The Simple Have Something More Than Do Learned Doctors, Who Often Become Lost in Their Search for General Laws
But criticism of mainstream theory in relation to Eco’s writings is not limited to the semiotics of the false. In his famous novel The Name of the Rose he writes: “The simple have something more than do learned doctors, who often become lost in their search for broad, general laws” (p. 210) [44]. Throughout the novel, the author uses quotations from historical, philosophical and literary works, including from his own previous writings, both theoretical essays and literary criticism texts. Quotations are generally used to give value to speech, to embellish it and to reassure the reader. For Eco, they are openings to something else; they serve to recontextualize a thought in an original and new way [45].
On closer examination, it is striking to observe that Eco’s quotation recalls another reflection by René Girard [46], broadcast on Belgian national television following an interview with Patrick Perquy, about his preference in his comparative analysis of a few novelists: Cervantes, Stendhal, Flaubert, Proust and Dostoyevsky, all of whom, despite their differences, depict the same face of Man: “The explanation of my preference for dramatic texts and novels is very simple: it is that the staging itself forces writers to represent real relationships—relationships between people, which are what can be called small interactions, while conceptualization obviously forces generalization so vast that the meanings of relationships escape it.” This methodological reflection of inestimable value, rarely found in the literature on the methodology of science, expresses the importance of René Girard’s anthropology that pays special attention to the modes of human interaction on a daily basis.
Economics reflects this lack of concepts in relation to human relationships, although it has been defined by Alfred Marshall (p. 1) [47] as “a study of mankind in the ordinary business of life”. In this sense, if the mainstream theoretical model has all the charms of mathematical scholarship that ‘dry the heart out’ (p. 64) [48] and an incomparable ability to reason according to learned patterns that reduce the human being to an ‘economic animal’ (p. 231) [49]. However, erudition is mainly nourished by knowledge that is more accumulated through interaction than hierarchical and oriented. They “know everything, but nothing else”, said Georges Clémenceau about the engineers formed at the polytechnic school (p. 294) [50]. In other words, most economists, owing to their academic training, seem to know everything but understand nothing about human interaction patterns; while novelists, at least the most insightful, seem to know nothing but understand everything in this field. This is a real revenge on those who accuse some economists of being ‘literary’ because they did not use models derived from econometrics or data science whose horizon of analysis is to explore the relationships between variables meticulously chosen for their ability to be easily quantifiable.

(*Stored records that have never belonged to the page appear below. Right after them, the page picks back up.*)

(* Let $n\ge2$ and let $(y,z)$ be a solution on $[0,\infty)$ with $y,z>0$ of \[\dot y=z^2(n+1-y)-ny,\qquad \dot z=\tfrac{n+1}{n}z(n-1+y)-(n+z^2)z,\] for which $y,z\to0$ as $t\to\infty$. Then $\mu_{y,z}\in\mathfrak g\otimes\Lambda^2\mathfrak g^*$ ($\mathfrak g=\mathfrak{sl}_{n+1}(\mathbb C)$) converges as $t\to\infty$ to \[\mu_\infty:=[\cdot,\cdot]\big|_{\mathfrak{sl}_n(\mathbb C)\wedge\mathfrak{sl}_n(\mathbb C)}+[\cdot,\cdot]\big|_{\mathfrak{sl}_n(\mathbb C)\wedge\mathfrak s}+\sqrt{\frac{n^2-2}{n(n+1)}}\,\mathrm{Pr}_{\mathbb CI}\circ[\cdot,\cdot]\big|_{\mathfrak s\wedge\mathfrak s}.\] Moreover, the torsion-twisted Chern--Ricci operator $P_\infty=\lim_{t\to\infty}P_{y,z}$ of $(\mathfrak g,\mu_\infty,\langle\cdot,\cdot\rangle)$ is $P_\infty=n\,\mathrm{id}-\tfrac1nD$, where $D:=2\,\mathrm{id}_{\mathbb CI}+\mathrm{id}_{\mathfrak s}$ is a derivation of $\mu_\infty$. In particular, the simply-connected complex Lie group with left-invariant Hermitian metric corresponding to $(\mathfrak g,\mu_\infty,\langle\cdot,\cdot\rangle)$ is a shrinking algebraic $\mathrm{HCF}_+$ soliton.
   Context: $\langle X,Y\rangle=\operatorname{tr}(XY^* )$ on $\mathfrak g=\mathfrak{sl}_{n+1}(\mathbb C)=\mathfrak{sl}_n(\mathbb C)\oplus\mathbb CI\oplus\mathfrak s$ (orthogonal), with $\mathfrak{sl}_n(\mathbb C)$ the upper-left block, $I=\sqrt{\tfrac1{n(n+1)}}\operatorname{diag}(1,\dots,1,-n)$, $\mathfrak s=\operatorname{span}_{\mathbb C}\{e_{i(n+1)},e_{(n+1)i}\}_{i=1}^n$; $\mathrm{Pr}_V$ is orthogonal projection onto $V$ and $[\cdot,\cdot]$ the commutator. $h_{y,z}=\mathrm{id}_{\mathfrak{sl}_n(\mathbb C)}+y^{-1/2}\mathrm{id}_{\mathbb CI}+z^{-1/2}\mathrm{id}_{\mathfrak s}$ and $\mu_{y,z}=h_{y,z}[h_{y,z}^{-1}\cdot,h_{y,z}^{-1}\cdot]$. For a complex Lie bracket $\mu$ and Hermitian inner product $g$, the torsion-twisted Chern--Ricci operator $P^g_\mu$ is the $g$-Hermitian endomorphism with $g(P^g_\mu X,X)=\sum_{i<j}|g(\mu(e_i,e_j),X)|^2$ for a $g$-unitary basis $\{e_i\}$; $P_{y,z}:=P^{\langle\cdot,\cdot\rangle}_{\mu_{y,z}}$. A simply-connected complex Lie group with left-invariant metric given by $(\mathfrak g,\mu,g)$ is a semi-algebraic $\mathrm{HCF}_+$ soliton if $P^g_\mu=\lambda\,\mathrm{id}+\tfrac12(D'+D'^* )$ with $\lambda\in\mathbb R$ and $D'$ a complex-linear derivation of $\mu$; algebraic if additionally $D'^*$ is a derivation; shrinking if the associated self-similar $\mathrm{HCF}_+$ solution $g_t=c(t)\varphi_t^*g$ has $c$ decreasing. *)

theory Defs
  imports "HOL-Analysis.Analysis"
begin

text \<open>Complex (n+1)x(n+1) matrices are represented as functions nat => nat => complex,
  with indices 0..n; index n plays the role of the (n+1)-st row/column.
  Matrices of interest vanish outside {0..n} x {0..n}.\<close>

type_synonym cmat = "nat \<Rightarrow> nat \<Rightarrow> complex"

definition madd :: "cmat \<Rightarrow> cmat \<Rightarrow> cmat" where
  "madd X Y = (\<lambda>a b. X a b + Y a b)"

definition mdiff :: "cmat \<Rightarrow> cmat \<Rightarrow> cmat" where
  "mdiff X Y = (\<lambda>a b. X a b - Y a b)"

definition msc :: "complex \<Rightarrow> cmat \<Rightarrow> cmat" where
  "msc c X = (\<lambda>a b. c * X a b)"

definition mzero :: cmat where
  "mzero = (\<lambda>a b. 0)"

definition mtrace :: "nat \<Rightarrow> cmat \<Rightarrow> complex" where
  "mtrace n X = (\<Sum>a\<le>n. X a a)"

definition slg :: "nat \<Rightarrow> cmat set" where
  "slg n = {X. (\<forall>a b. (n < a \<or> n < b) \<longrightarrow> X a b = 0) \<and> mtrace n X = 0}"

definition minner :: "nat \<Rightarrow> cmat \<Rightarrow> cmat \<Rightarrow> complex" where
  "minner n X Y = (\<Sum>a\<le>n. \<Sum>b\<le>n. X a b * cnj (Y a b))"

definition comm :: "nat \<Rightarrow> cmat \<Rightarrow> cmat \<Rightarrow> cmat" where
  "comm n X Y = (\<lambda>a b. \<Sum>c\<le>n. X a c * Y c b - Y a c * X c b)"

definition Iden :: "nat \<Rightarrow> cmat" where
  "Iden n = (\<lambda>a b. if a = b \<and> a \<le> n
      then complex_of_real (sqrt (1 / (real n * (real n + 1)))) * (if a < n then 1 else - of_nat n)
      else 0)"

text \<open>Orthogonal projections onto CI, s, sl_n (within g = sl_n + CI + s).\<close>
definition prCI :: "nat \<Rightarrow> cmat \<Rightarrow> cmat" where
  "prCI n X = msc (minner n X (Iden n)) (Iden n)"

definition prS :: "nat \<Rightarrow> cmat \<Rightarrow> cmat" where
  "prS n X = (\<lambda>a b. if (a < n \<and> b = n) \<or> (a = n \<and> b < n) then X a b else 0)"

definition prSL :: "nat \<Rightarrow> cmat \<Rightarrow> cmat" where
  "prSL n X = mdiff (mdiff X (prCI n X)) (prS n X)"

definition hmap :: "nat \<Rightarrow> real \<Rightarrow> real \<Rightarrow> cmat \<Rightarrow> cmat" where
  "hmap n y z X = madd (prSL n X)
      (madd (msc (complex_of_real (y powr (-1/2))) (prCI n X))
            (msc (complex_of_real (z powr (-1/2))) (prS n X)))"

definition hinv :: "nat \<Rightarrow> real \<Rightarrow> real \<Rightarrow> cmat \<Rightarrow> cmat" where
  "hinv n y z X = madd (prSL n X)
      (madd (msc (complex_of_real (y powr (1/2))) (prCI n X))
            (msc (complex_of_real (z powr (1/2))) (prS n X)))"

definition mu_yz :: "nat \<Rightarrow> real \<Rightarrow> real \<Rightarrow> cmat \<Rightarrow> cmat \<Rightarrow> cmat" where
  "mu_yz n y z X Y = hmap n y z (comm n (hinv n y z X) (hinv n y z Y))"

definition mu_inf :: "nat \<Rightarrow> cmat \<Rightarrow> cmat \<Rightarrow> cmat" where
  "mu_inf n X Y =
     madd (comm n (prSL n X) (prSL n Y))
    (madd (comm n (prSL n X) (prS n Y))
    (madd (comm n (prS n X) (prSL n Y))
          (msc (complex_of_real (sqrt ((real n ^ 2 - 2) / (real n * (real n + 1)))))
               (prCI n (comm n (prS n X) (prS n Y))))))"

definition unitary_basis :: "nat \<Rightarrow> cmat list \<Rightarrow> bool" where
  "unitary_basis n B \<longleftrightarrow> set B \<subseteq> slg n
     \<and> (\<forall>i<length B. \<forall>j<length B. minner n (B!i) (B!j) = (if i = j then 1 else 0))
     \<and> (\<forall>X\<in>slg n. \<exists>c. X = (\<lambda>a b. \<Sum>i<length B. c i * (B!i) a b))"

definition lin_endo :: "nat \<Rightarrow> (cmat \<Rightarrow> cmat) \<Rightarrow> bool" where
  "lin_endo n L \<longleftrightarrow> (\<forall>X\<in>slg n. L X \<in> slg n)
     \<and> (\<forall>X\<in>slg n. \<forall>Y\<in>slg n. L (madd X Y) = madd (L X) (L Y))
     \<and> (\<forall>X\<in>slg n. \<forall>c. L (msc c X) = msc c (L X))"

For Eco, writing novels appears to be a way of linking scholarly production with mass culture. As his old friend the semiologist Paolo Fabbri [45] points out: “Umberto would first analyze the texts with great originality, experiencing a shift in philosophical thinking as a result, and thus becoming the great writer that he is. In fact, the novels have been used by Eco to deal with difficult philosophical problems pertaining to the hard core of reality.” Literary fiction is another way of delving into the philosophy of signs and the way in which they refer to both ordinary matters and a culture that is free from the conceptual requirements of academic production. The same subject is shaped differently according to the canons of academic tradition, or the codes found in detective stories. But whatever form of support is chosen, Eco remains above all a philosopher who has developed a new way of doing philosophy; one that rises above the system and the semantic analysis that was prevalent at the time. He knew how to be sensitive while remaining a philosopher and expressed many things —things he felt so deeply— as much in his novels as in his essays.

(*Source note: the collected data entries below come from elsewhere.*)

theorem proposition11:
  fixes a b \<epsilon> :: real
    and K :: "real \<Rightarrow> real \<Rightarrow> real"
    and lam :: "nat \<Rightarrow> real"
    and \<psi> :: "nat \<Rightarrow> real \<Rightarrow> real"
    and M :: "'w measure"
    and \<xi> \<zeta> \<eta> err :: "(real \<Rightarrow> real) \<Rightarrow> 'w \<Rightarrow> real"
    and N :: "(real \<Rightarrow> real) \<Rightarrow> (real \<Rightarrow> real)"
    and \<rho> \<nu> :: "nat \<Rightarrow> real"
    and I NN :: "nat set"
  assumes ab: "a < b"
    and K_sqint: "sq_int_kernel a b K"
    and K_sym: "\<And>x y. K x y = K y x"
    and A_inj: "\<And>f. L2 a b f \<Longrightarrow> L2_eq a b (intop a b K f) (\<lambda>_. 0) \<Longrightarrow> L2_eq a b f (\<lambda>_. 0)"
    and onb: "orthonormal_basis_L2 a b \<psi>"
    and eigen: "\<And>k. L2_eq a b (intop a b K (\<psi> k)) (\<lambda>x. lam k * \<psi> k x)"
    and lam_decr: "\<And>k. lam (Suc k) < lam k"
    and lam_lim: "lam \<longlonglongrightarrow> 0"
    and M_prob: "prob_space M"
    and \<xi>_gauss: "gaussian_weak_rv0 a b M \<xi>"
    and \<zeta>_gauss: "gaussian_weak_rv0 a b M \<zeta>"
    and uncorr: "\<And>u v. L2 a b u \<Longrightarrow> L2 a b v \<Longrightarrow> cov M \<xi> \<zeta> u v = 0"
    and eps_pos: "\<epsilon> > 0"
    and N_L2: "\<And>u. L2 a b u \<Longrightarrow> L2 a b (N u)"
    and N_pos: "\<And>u. L2 a b u \<Longrightarrow> \<not> L2_eq a b u (\<lambda>_. 0) \<Longrightarrow> ip a b (N u) u > 0"
    and R_\<zeta>\<zeta>: "\<And>u v. L2 a b u \<Longrightarrow> L2 a b v \<Longrightarrow> cov M \<zeta> \<zeta> u v = \<epsilon>\<^sup>2 * ip a b (N u) v"
    and \<eta>_def: "\<eta> = (\<lambda>v \<omega>. \<xi> (intop a b K v) \<omega> + \<zeta> v \<omega>)"
    and \<rho>_def: "\<rho> = (\<lambda>k. sqrt (cov M \<xi> \<xi> (\<psi> k) (\<psi> k)))"
    and \<nu>_def: "\<nu> = (\<lambda>k. sqrt (ip a b (N (\<psi> k)) (\<psi> k)))"
    and \<nu>_pos: "\<And>k. ip a b (N (\<psi> k)) (\<psi> k) > 0"
    and I_def: "I = {k. lam k * \<rho> k \<ge> \<epsilon> * \<nu> k}"
    and NN_def: "NN = {k. lam k * \<rho> k < \<epsilon> * \<nu> k}"
    and err_def: "err = (\<lambda>v \<omega>. \<xi> v \<omega> - (\<Sum>k\<in>I. \<eta> (\<psi> k) \<omega> / lam k * ip a b (\<psi> k) v))"
  shows "((\<lambda>k. lam k * \<rho> k / \<nu> k) \<longlonglongrightarrow> 0 \<longrightarrow>
            (\<forall>e>0. finite {k. lam k * \<rho> k \<ge> e * \<nu> k}))
       \<and> ((\<lambda>k. lam k * \<rho> k / \<nu> k) \<longlonglongrightarrow> 0 \<and> summable (\<lambda>k. cov M \<xi> \<xi> (\<psi> k) (\<psi> k)) \<longrightarrow>
            summable (\<lambda>k. cov M err err (\<psi> k) (\<psi> k))
            \<and> weak_mean_sq_norm M \<psi> err
                = (\<Sum>k. if k \<in> NN then (\<rho> k)\<^sup>2 else 0) + (\<Sum>k\<in>I. \<epsilon>\<^sup>2 * (\<nu> k)\<^sup>2 / (lam k)\<^sup>2))"
proof (intro conjI impI allI; (elim conjE)?)
  show finite: "finite {k. lam k * \<rho> k \<ge> e * \<nu> k}"
    if "(\<lambda>k. lam k * \<rho> k / \<nu> k) \<longlonglongrightarrow> 0" and "e > 0" for e
    using finite_ge_of_quotient_tendsto_0[OF that(1) _ that(2)] \<nu>_pos unfolding \<nu>_def by simp
  assume lim: "(\<lambda>k. lam k * \<rho> k / \<nu> k) \<longlonglongrightarrow> 0"
    and trace: "summable (\<lambda>k. cov M \<xi> \<xi> (\<psi> k) (\<psi> k))"
  have "finite I"
    unfolding I_def using finite[OF lim eps_pos] .
  moreover have "cov M err err (\<psi> k) (\<psi> k)
      = (if k \<in> I then \<epsilon>\<^sup>2 * (\<nu> k)\<^sup>2 / (lam k)\<^sup>2 else cov M \<xi> \<xi> (\<psi> k) (\<psi> k))" for k
    using truncated_inverse_error_cov[OF _ _ onb eigen \<open>finite I\<close> _ \<eta>_def err_def]
      \<xi>_gauss \<zeta>_gauss pos_of_strict_decseq_tendsto_0[OF lam_decr lam_lim, of k]
      R_\<zeta>\<zeta> onb \<nu>_pos[of k]
    unfolding gaussian_weak_rv0_def orthonormal_basis_L2_def \<nu>_def by simp
  moreover have "NN = - I"
    unfolding NN_def I_def by auto
  ultimately have "(\<lambda>k. cov M err err (\<psi> k) (\<psi> k))
      sums ((\<Sum>k. if k \<in> NN then (\<rho> k)\<^sup>2 else 0) + (\<Sum>k\<in>I. \<epsilon>\<^sup>2 * (\<nu> k)\<^sup>2 / (lam k)\<^sup>2))"
    unfolding \<rho>_def real_sqrt_pow2[OF cov_self_nonneg]
    using sums_if_finite_set_else[OF trace \<open>finite I\<close>, of "\<lambda>k. \<epsilon>\<^sup>2 * (\<nu> k)\<^sup>2 / (lam k)\<^sup>2"]
    by (simp only: Compl_iff)
  then show "summable (\<lambda>k. cov M err err (\<psi> k) (\<psi> k))"
    and "weak_mean_sq_norm M \<psi> err
      = (\<Sum>k. if k \<in> NN then (\<rho> k)\<^sup>2 else 0) + (\<Sum>k\<in>I. \<epsilon>\<^sup>2 * (\<nu> k)\<^sup>2 / (lam k)\<^sup>2)"
    unfolding weak_mean_sq_norm_def by (auto simp: sums_iff)
qed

We Continue All Our Lives to Pursue, Under Different Appearances, Always the Same Idea
To the question “If it were necessary to retain a single idea from your work, what would it be?” Eco replied: “My mentor at the university told me one day: ‘We continue our whole life to pursue, under different appearances, always the same idea and we do nothing else. I thought, “What a reactionary!” Thirty years later, I realized he was right. The only problem is that I have not yet discovered the idea that I pursue! I really like the statement of a friend and colleague who writes: ‘At the moment of death, everything will become clear.’ I am waiting for this moment with some impatience, to finally understand what the basic idea of my life was” [2]. In another interview in which he says the same or almost the same thing, he reveals that the university’s mentor is Luigi Pareysón, his Ph.D. supervisor and the acknowledged author of a hermeneutical theory of interpretation that deeply inspired his thinking. For Pareysón, the relationship between object and subject is interpretative: the cognitive grasp of the object by the individual is based on an unlimited interpretative process, because the individual who interprets does change, as does his grasp of the object (pp. 189-190) [51].

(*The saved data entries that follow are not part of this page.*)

lemma level_sum_share_increment_error_le:
  assumes i: "i \<in> {0,1}" and n: "1 \<le> n"
  defines "t \<equiv> 1 / real n"
  shows "\<bar>level_sum i (\<lambda>x. share_increment n x - (if t \<le> x then x else 0)) k\<bar>
    \<le> 648 / real n * level_sum i (\<lambda>x. if t \<le> x then 1 else 0) k
      + 4 * real n * level_sum i (\<lambda>x. if x < t then x ^ 2 else 0) k"
proof -
  have "\<bar>level_sum i (\<lambda>x. share_increment n x - (if t \<le> x then x else 0)) k\<bar>
    \<le> level_sum i (\<lambda>x. \<bar>share_increment n x - (if t \<le> x then x else 0)\<bar>) k"
    by (rule level_sum_abs_le)
  also have "\<dots> \<le> level_sum i (\<lambda>x. 648 / real n * (if t \<le> x then 1 else 0) + 4 * real n * (if x < t then x ^ 2 else 0)) k"
  proof (rule level_sum_mono[OF i])
    fix x :: real assume x: "0 < x" "x \<le> pmax ^ k"
    then have "x \<le> 1" using pmax_power_le_1 by (meson order_trans)
    then show "\<bar>share_increment n x - (if t \<le> x then x else 0)\<bar>
      \<le> 648 / real n * (if t \<le> x then 1 else 0) + 4 * real n * (if x < t then x ^ 2 else 0)"
      using share_increment_large[OF n, of x] share_increment_nonneg[of x n] share_increment_le_square[OF n, of x] x
      by (auto simp: t_def)
  qed
  also have "\<dots> = 648 / real n * level_sum i (\<lambda>x. if t \<le> x then 1 else 0) k
      + 4 * real n * level_sum i (\<lambda>x. if x < t then x ^ 2 else 0) k"
    by (simp only: level_sum_add level_sum_cmult)
  finally show ?thesis .
qed

lemma level_series_share_increment_error:
  assumes i: "i \<in> {0,1}" and n: "1 \<le> n"
  defines "t \<equiv> 1 / real n"
  defines "e \<equiv> \<lambda>k. level_sum i (\<lambda>x. share_increment n x - (if t \<le> x then x else 0)) k"
  shows "summable e" "\<bar>\<Sum>k. e k\<bar> \<le> 648 * count_const + 4 * square_const"
proof -
  have t: "0 < t" "t \<le> 1" using n by (auto simp: t_def)
  obtain K where K: "pmax ^ K < t" using real_arch_pow_inv[OF t(1) pmax_bounds(2)] by auto
  define c where "c = (\<lambda>k. level_sum i (\<lambda>x. if t \<le> x then 1 else 0) k)"
  define s where "s = (\<lambda>k. level_sum i (\<lambda>x. if x < t then x ^ 2 else 0) k)"
  have c: "summable c" "(\<Sum>k. c k) = level_sum_upto i (\<lambda>x. if t \<le> x then 1 else 0) K"
    using level_series_eq_upto[OF i K, of "\<lambda>x. if t \<le> x then 1 else 0"] by (auto simp: c_def)
  have "(\<Sum>k. c k) \<le> count_const / t"
    using level_sum_upto_count_le[OF i t(1), of K] t c(2) by (simp add: field_simps)
  have s_partial: "(\<Sum>k<K'. s k) \<le> square_const * t" for K'
    using level_sum_upto_squares_le[OF i t(1), of K'] t unfolding level_sum_upto_def s_def by simp
  have s_nonneg: "0 \<le> s k" for k using i unfolding s_def by (intro level_sum_nonneg) auto
  have s: "summable s" by (rule summableI_nonneg_bounded[OF s_nonneg s_partial])
  have "(\<Sum>k. s k) \<le> square_const * t" by (rule suminf_le_const[OF s s_partial])
  define b where "b = (\<lambda>k. 648 / real n * c k + 4 * real n * s k)"
  have b: "summable b" unfolding b_def using c s by (intro summable_add summable_mult)
  have eb: "\<bar>e k\<bar> \<le> b k" for k
    unfolding e_def b_def c_def s_def t_def using level_sum_share_increment_error_le[OF i n] by simp
  have abs_e: "summable (\<lambda>k. \<bar>e k\<bar>)" by (rule summable_comparison_test'[OF b]) (use eb in simp)
  show "summable e" by (rule summable_comparison_test'[OF b]) (use eb in simp)
  have "\<bar>\<Sum>k. e k\<bar> \<le> (\<Sum>k. b k)"
    using summable_rabs[OF abs_e] suminf_le[OF eb abs_e b] by linarith
  also have "\<dots> = 648 / real n * (\<Sum>k. c k) + 4 * real n * (\<Sum>k. s k)"
    unfolding b_def using c(1) s by (simp only: suminf_add[symmetric] suminf_mult summable_mult)
  also have "\<dots> \<le> 648 / real n * (count_const / t) + 4 * real n * (square_const * t)"
    using \<open>(\<Sum>k. c k) \<le> count_const / t\<close> \<open>(\<Sum>k. s k) \<le> square_const * t\<close> n
    by (intro add_mono mult_left_mono) auto
  also have "\<dots> = 648 * count_const + 4 * square_const" using n by (simp add: t_def)
  finally show "\<bar>\<Sum>k. e k\<bar> \<le> 648 * count_const + 4 * square_const" .
qed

For Eco, each reading is an interpretation, knowing that translation is a particular interpretation in its own right. The basis of translation is the non-literal approach to the intention of the text and the inventiveness found therein. The breath from one world to another —an almost identical reflection— and still as beautiful as ever; yet never quite the same, never quite another [52]. In this sense, there are several interpretations: some coherent and others incoherent. It is an old idea of Saint Augustine, he recalls [53]. The thinkers of contemporary hermeneutics recognize in Augustine a forerunner of interpretation (p. 11) [54]. The idea is also found with Roland Barthes whereby any interpretation is justified as long as it is consistent [53]. Eco indeed admits that Barthes has had a remarkable influence on his academic career as a researcher [1].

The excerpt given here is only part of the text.